▶ [WHAT THE EXERCISE ASKS]
Note each line of the entries that includes "closed". Then copy those lines.

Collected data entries
lemma funpow_card_eq_self:
  assumes fin: "finite A" and inj: "inj_on f A" and closed: "f ` A \<subseteq> A" and x: "x \<in> A"
    and trans: "\<And>y. y \<in> A \<Longrightarrow> \<exists>n. (f ^^ n) x = y"
  shows "(f ^^ card A) x = x"
proof -
  let ?g = "\<lambda>i. (f ^^ i) x"
  have "\<not> inj_on ?g {..card A}"
  proof
    assume "inj_on ?g {..card A}"
    moreover have "?g ` {..card A} \<subseteq> A" using funpow_mem[OF closed x] by blast
    ultimately have "card {..card A} \<le> card A" using card_inj_on_le fin by blast
    then show False by simp
  qed
  then obtain i j where ij: "i < j" "j \<le> card A" "?g i = ?g j"
    unfolding inj_on_def by (metis atMost_iff linorder_neqE_nat)
  define q where "q = j - i"
  have period: "(f ^^ q) x = x"
    using funpow_diff_inj_on[OF inj closed x, of i q] ij unfolding q_def by simp
  have "A \<subseteq> ?g ` {..<q}"
  proof
    fix y assume "y \<in> A"
    then obtain n where "?g n = y" using trans by blast
    then have "?g (n mod q) = y" using funpow_mod_eq[OF period] by simp
    moreover have "n mod q < q" using ij unfolding q_def by simp
    ultimately show "y \<in> ?g ` {..<q}" by blast
  qed
  then have "card A \<le> card (?g ` {..<q})" by (simp add: card_mono)
  also have "\<dots> \<le> q" using card_image_le[of "{..<q}" ?g] by simp
  finally have "card A \<le> q" .
  then have "q = card A" using ij unfolding q_def by simp
  then show ?thesis using period by simp
qed

lemma plane_mapD:
  assumes "plane_map M"
  shows finite_darts: "finite (darts M)"
    and verts_cross_disjoint: "verts M \<inter> cross M = {}"
    and tail_in_vertices: "\<And>d. d \<in> darts M \<Longrightarrow> tail M d \<in> verts M \<union> cross M"
    and rev_in_darts: "\<And>d. d \<in> darts M \<Longrightarrow> rev M d \<in> darts M"
    and nxt_in_darts: "\<And>d. d \<in> darts M \<Longrightarrow> nxt M d \<in> darts M"
    and rev_rev: "\<And>d. d \<in> darts M \<Longrightarrow> rev M (rev M d) = d"
    and tail_nxt: "\<And>d. d \<in> darts M \<Longrightarrow> tail M (nxt M d) = tail M d"
    and inj_on_nxt: "inj_on (nxt M) (darts M)"
    and inj_on_rev: "inj_on (rev M) (darts M)"
    and rotation_transitive: "\<And>d d'. d \<in> darts M \<Longrightarrow> d' \<in> darts M \<Longrightarrow>
           tail M d = tail M d' \<Longrightarrow> \<exists>n. (nxt M ^^ n) d = d'"
  using assms unfolding plane_map_def bij_betw_def by auto

lemma tail_rev: "tail M (rev M d) = head M d"
  unfolding head_def ..

lemma head_in_vertices:
  "plane_map M \<Longrightarrow> d \<in> darts M \<Longrightarrow> head M d \<in> verts M \<union> cross M"
  unfolding head_def by (rule tail_in_vertices[OF _ rev_in_darts])

lemma nxt_funpow_in_darts: "plane_map M \<Longrightarrow> d \<in> darts M \<Longrightarrow> (nxt M ^^ n) d \<in> darts M"
  by (induction n) (auto dest: nxt_in_darts)

lemma tail_nxt_funpow: "plane_map M \<Longrightarrow> d \<in> darts M \<Longrightarrow> tail M ((nxt M ^^ n) d) = tail M d"
  by (induction n) (auto simp: tail_nxt nxt_funpow_in_darts)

▶ [OUTPUT OF THE EXERCISE]
  assumes fin: "finite A" and inj: "inj_on f A" and closed: "f ` A \<subseteq> A" and x: "x \<in> A"
    moreover have "?g ` {..card A} \<subseteq> A" using funpow_mem[OF closed x] by blast
    using funpow_diff_inj_on[OF inj closed x, of i q] ij unfolding q_def by simp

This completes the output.